··· Data section
(* Let $\mathcal{G}_R(\mathcal{N}_R,\mathcal{E}_R)$ be an R-graph with ingress points $\mathcal{M}$ and parent-selection probabilities $p_{ij}$, and for $\mathcal{X}\subseteq\mathcal{N}_R$ let $$F(\mathcal{X})=E_P[\mathcal{NC}_R(\mathcal{X})]=\sum_{x\in\mathcal{M}^{|\mathcal{X}|}}\mathcal{NC}_R(\mathcal{X}\rhd x)\,P(\mathcal{X}\rhd x)$$ (as defined in the context). Then the set function $F$ is (i) non-negative and monotone (non-decreasing), (ii) not submodular in general, and (iii) not supermodular in general (i.e., there exist R-graphs for which $F$ is not submodular, and R-graphs for which $F$ is not supermodular).
   Context: An R-graph is a directed acyclic graph $\mathcal{G}_R(\mathcal{N}_R,\mathcal{E}_R)$ rooted at a destination node $n_{dst}$; an edge $j\to i$ means $i$ may use the routing path learned from its parent $j$; $P_i$ denotes the parents of $i$. $n_{dst}$ has a finite set $\mathcal{M}$ of ingress points, each child of $n_{dst}$ attached to exactly one. Each node $i$ selects a parent $j\in P_i$ with probability $p_{ij}$ ($\sum_{j\in P_i}p_{ij}=1$) and routes its traffic through the same ingress point as the selected parent; we write $i\rhd m$ if $i$ routes through ingress point $m$. For a set $\mathcal{X}$ of (measured) nodes and a vector $x\in\mathcal{M}^{|\mathcal{X}|}$, $\mathcal{X}\rhd x$ denotes the event that each node of $\mathcal{X}$ routes through the corresponding entry of $x$, and $P(\mathcal{X}\rhd x)$ is its probability. $\mathcal{NC}_R(\mathcal{X}\rhd x)=|\{i\in\mathcal{N}_R: f(i)\neq 0\mid \mathcal{X}\rhd x\}|$ is the number of nodes whose route is inferred with certainty (their route is determined, i.e., has probability $1$ for some ingress point) given the oracle $\mathcal{X}\rhd x$. A set function $F$ is submodular if $F(A\cup\{\epsilon\})-F(A)\ge F(B\cup\{\epsilon\})-F(B)$ for all $A\subseteq B$ and $\epsilon\notin B$, and supermodular if the reverse inequality always holds. *)

theory Defs
  imports Complex_Main "HOL-Library.FuncSet"
begin

text \<open>An R-graph: routing nodes N (the destination dst is not in N), parent sets P i
  (an edge j -> i for every j in P i), ingress point ing i of each child i of dst,
  finite ingress set M, and parent selection probabilities p i j.\<close>

definition rgraph ::
  "'a set \<Rightarrow> 'a \<Rightarrow> ('a \<Rightarrow> 'a set) \<Rightarrow> 'm set \<Rightarrow> ('a \<Rightarrow> 'm) \<Rightarrow> ('a \<Rightarrow> 'a \<Rightarrow> real) \<Rightarrow> bool"
where
  "rgraph N dst P M ing p \<longleftrightarrow>
     finite N \<and> dst \<notin> N \<and> finite M \<and>
     (\<forall>i\<in>N. P i \<noteq> {} \<and> P i \<subseteq> insert dst N) \<and>
     acyclic {(j, i). i \<in> N \<and> j \<in> P i} \<and>
     (\<forall>i\<in>N. dst \<in> P i \<longrightarrow> ing i \<in> M) \<and>
     (\<forall>i\<in>N. (\<forall>j\<in>P i. p i j > 0) \<and> (\<Sum>j\<in>P i. p i j) = 1)"

text \<open>Outcomes of the random parent selection: s i is the parent selected by node i.\<close>
definition selections :: "'a set \<Rightarrow> ('a \<Rightarrow> 'a set) \<Rightarrow> ('a \<Rightarrow> 'a) set" where
  "selections N P = PiE N P"

definition weight :: "'a set \<Rightarrow> ('a \<Rightarrow> 'a \<Rightarrow> real) \<Rightarrow> ('a \<Rightarrow> 'a) \<Rightarrow> real" where
  "weight N p s = (\<Prod>i\<in>N. p i (s i))"

inductive routes :: "'a \<Rightarrow> ('a \<Rightarrow> 'm) \<Rightarrow> ('a \<Rightarrow> 'a) \<Rightarrow> 'a \<Rightarrow> 'm \<Rightarrow> bool"
  for dst ing s where
  direct: "s i = dst \<Longrightarrow> routes dst ing s i (ing i)"
| via: "s i = j \<Longrightarrow> j \<noteq> dst \<Longrightarrow> routes dst ing s j m \<Longrightarrow> routes dst ing s i m"

definition prob_ev ::
  "'a set \<Rightarrow> ('a \<Rightarrow> 'a set) \<Rightarrow> ('a \<Rightarrow> 'a \<Rightarrow> real) \<Rightarrow> (('a \<Rightarrow> 'a) \<Rightarrow> bool) \<Rightarrow> real" where
  "prob_ev N P p E = (\<Sum>s\<in>{s\<in>selections N P. E s}. weight N p s)"

definition routes_as :: "'a \<Rightarrow> ('a \<Rightarrow> 'm) \<Rightarrow> 'a set \<Rightarrow> ('a \<Rightarrow> 'm) \<Rightarrow> ('a \<Rightarrow> 'a) \<Rightarrow> bool" where
  "routes_as dst ing X x s \<longleftrightarrow> (\<forall>i\<in>X. routes dst ing s i (x i))"

text \<open>Number of nodes whose route is determined (probability 1 for some ingress point)
  given the oracle X |> x; conditional probability P(A and B)/P(B).\<close>
definition NC ::
  "'a set \<Rightarrow> 'a \<Rightarrow> ('a \<Rightarrow> 'a set) \<Rightarrow> ('a \<Rightarrow> 'm) \<Rightarrow> ('a \<Rightarrow> 'a \<Rightarrow> real) \<Rightarrow> 'a set \<Rightarrow> ('a \<Rightarrow> 'm) \<Rightarrow> nat"
where
  "NC N dst P ing p X x = card {i\<in>N. \<exists>m.
      prob_ev N P p (\<lambda>s. routes dst ing s i m \<and> routes_as dst ing X x s)
        / prob_ev N P p (routes_as dst ing X x) = 1}"

definition F ::
  "'a set \<Rightarrow> 'a \<Rightarrow> ('a \<Rightarrow> 'a set) \<Rightarrow> 'm set \<Rightarrow> ('a \<Rightarrow> 'm) \<Rightarrow> ('a \<Rightarrow> 'a \<Rightarrow> real) \<Rightarrow> 'a set \<Rightarrow> real"
where
  "F N dst P M ing p X =
     (\<Sum>x\<in>PiE X (\<lambda>_. M). real (NC N dst P ing p X x) * prob_ev N P p (routes_as dst ing X x))"

end

theory Submission
  imports Defs
begin

(* Acyclicity makes every selection s of parents send each node i to a unique ingress point
   route s i. As all selection probabilities are positive, the route of i is certain given the
   oracle X |> x exactly when it is the same on every selection consistent with the oracle.
   Since the oracle is itself a function of s, averaging over oracles is averaging over
   selections: F X is the expected size of the set of nodes whose route agrees on all selections
   that agree with s on X. That set grows with X, whence monotonicity. Sub- and supermodularity
   fail on two small R-graphs on which F is evaluated exhaustively. *)

definition route :: "'a \<Rightarrow> ('a \<Rightarrow> 'm) \<Rightarrow> ('a \<Rightarrow> 'a) \<Rightarrow> 'a \<Rightarrow> 'm" where
  "route dst ing s i = (THE m. routes dst ing s i m)"

lemma routes_unfold:
  "routes dst ing s i m \<longleftrightarrow> (if s i = dst then m = ing i else routes dst ing s (s i) m)"
  by (subst routes.simps) auto

lemma routes_unique:
  assumes "routes dst ing s i m" and "routes dst ing s i m'"
  shows "m = m'"
  using assms
proof (induction arbitrary: m' rule: routes.induct)
  case (direct i)
  then show ?case by (simp add: routes_unfold[of dst ing s i m'])
next
  case (via i j m)
  then show ?case by (simp add: routes_unfold[of dst ing s i m'])
qed

lemma route_unfold: "route dst ing s i = (if s i = dst then ing i else route dst ing s (s i))"
proof -
  have "routes dst ing s i = (\<lambda>m. if s i = dst then m = ing i else routes dst ing s (s i) m)"
    by (rule ext, rule routes_unfold)
  then show ?thesis unfolding route_def by simp
qed

lemma finite_parent_relation:
  assumes "rgraph N dst P M ing p"
  shows "finite {(j, i). i \<in> N \<and> j \<in> P i}"
proof (rule finite_subset)
  show "{(j, i). i \<in> N \<and> j \<in> P i} \<subseteq> insert dst N \<times> N"
    using assms unfolding rgraph_def by auto
  show "finite (insert dst N \<times> N)"
    using assms unfolding rgraph_def by simp
qed

lemma routes_exists:
  assumes rg: "rgraph N dst P M ing p" and s: "s \<in> selections N P" and "i \<in> N"
  shows "\<exists>m\<in>M. routes dst ing s i m"
proof -
  have "wf {(j, i). i \<in> N \<and> j \<in> P i}"
    using finite_acyclic_wf[OF finite_parent_relation[OF rg]] rg unfolding rgraph_def by simp
  then show ?thesis
    using \<open>i \<in> N\<close>
  proof (induction i rule: wf_induct_rule)
    case (less i)
    have si: "s i \<in> P i"
      using s less.prems unfolding selections_def by auto
    show ?case
    proof (cases "s i = dst")
      case True
      then have "ing i \<in> M"
        using rg si less.prems unfolding rgraph_def by auto
      with True show ?thesis by (auto intro: routes.direct)
    next
      case False
      then have "s i \<in> N"
        using rg si less.prems unfolding rgraph_def by auto
      with si less obtain m where "m \<in> M" "routes dst ing s (s i) m" by blast
      with False show ?thesis by (auto intro: routes.via)
    qed
  qed
qed

lemma
  assumes "rgraph N dst P M ing p" and "s \<in> selections N P" and "i \<in> N"
  shows routes_iff_route: "routes dst ing s i m \<longleftrightarrow> m = route dst ing s i"
    and route_in_ingress: "route dst ing s i \<in> M"
proof -
  obtain m0 where m0: "m0 \<in> M" "routes dst ing s i m0"
    using routes_exists[OF assms] by blast
  have "route dst ing s i = m0"
    unfolding route_def using m0(2) by (rule the_equality) (rule routes_unique[OF _ m0(2)])
  with m0 show "routes dst ing s i m \<longleftrightarrow> m = route dst ing s i" "route dst ing s i \<in> M"
    using routes_unique[OF _ m0(2), of m] by auto
qed

lemma routes_as_iff:
  assumes "rgraph N dst P M ing p" and "X \<subseteq> N" and "s \<in> selections N P"
  shows "routes_as dst ing X x s \<longleftrightarrow> (\<forall>k\<in>X. x k = route dst ing s k)"
  unfolding routes_as_def using routes_iff_route[OF assms(1,3)] assms(2) by auto

lemma finite_selections:
  assumes "rgraph N dst P M ing p"
  shows "finite (selections N P)"
  unfolding selections_def
proof (rule finite_PiE)
  show "finite N" using assms unfolding rgraph_def by simp
  fix i assume "i \<in> N"
  then have "P i \<subseteq> insert dst N" using assms unfolding rgraph_def by auto
  then show "finite (P i)" using assms unfolding rgraph_def by (auto intro: finite_subset)
qed

lemma weight_pos:
  assumes "rgraph N dst P M ing p" and "s \<in> selections N P"
  shows "0 < weight N p s"
  unfolding weight_def
proof (rule prod_pos)
  fix i assume "i \<in> N"
  moreover have "s i \<in> P i" using assms(2) \<open>i \<in> N\<close> unfolding selections_def by auto
  ultimately show "0 < p i (s i)" using assms(1) unfolding rgraph_def by auto
qed

lemma prob_ev_split:
  assumes "finite (selections N P)"
  shows "prob_ev N P p E = prob_ev N P p (\<lambda>s. A s \<and> E s) + prob_ev N P p (\<lambda>s. E s \<and> \<not> A s)"
proof -
  have "{s \<in> selections N P. E s} =
      {s \<in> selections N P. A s \<and> E s} \<union> {s \<in> selections N P. E s \<and> \<not> A s}"
    by auto
  then show ?thesis
    unfolding prob_ev_def using assms by (simp add: sum.union_disjoint disjoint_iff)
qed

lemma prob_ev_eq_0_iff:
  assumes "finite (selections N P)" and "\<And>s. s \<in> selections N P \<Longrightarrow> 0 < weight N p s"
  shows "prob_ev N P p E = 0 \<longleftrightarrow> (\<forall>s\<in>selections N P. \<not> E s)"
proof -
  have "prob_ev N P p E = 0 \<longleftrightarrow> (\<forall>s\<in>{s \<in> selections N P. E s}. weight N p s = 0)"
    unfolding prob_ev_def using assms by (intro sum_nonneg_eq_0_iff) (auto simp: less_imp_le)
  also have "\<dots> \<longleftrightarrow> (\<forall>s\<in>selections N P. \<not> E s)"
    using assms(2) by (auto simp: less_le)
  finally show ?thesis .
qed

lemma prob_ev_cond_eq_1_iff:
  assumes "finite (selections N P)" and "\<And>s. s \<in> selections N P \<Longrightarrow> 0 < weight N p s"
  shows "prob_ev N P p (\<lambda>s. A s \<and> E s) / prob_ev N P p E = 1 \<longleftrightarrow>
    (\<exists>s\<in>selections N P. E s) \<and> (\<forall>s\<in>selections N P. E s \<longrightarrow> A s)"
proof -
  have "prob_ev N P p (\<lambda>s. A s \<and> E s) / prob_ev N P p E = 1 \<longleftrightarrow>
      prob_ev N P p E \<noteq> 0 \<and> prob_ev N P p (\<lambda>s. E s \<and> \<not> A s) = 0"
    using prob_ev_split[OF assms(1), of p E A] by auto
  then show ?thesis
    by (auto simp: prob_ev_eq_0_iff[OF assms])
qed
······
Directions - All that is needed is the number of lines above in which the string "where" appears.

Exercise solution - 11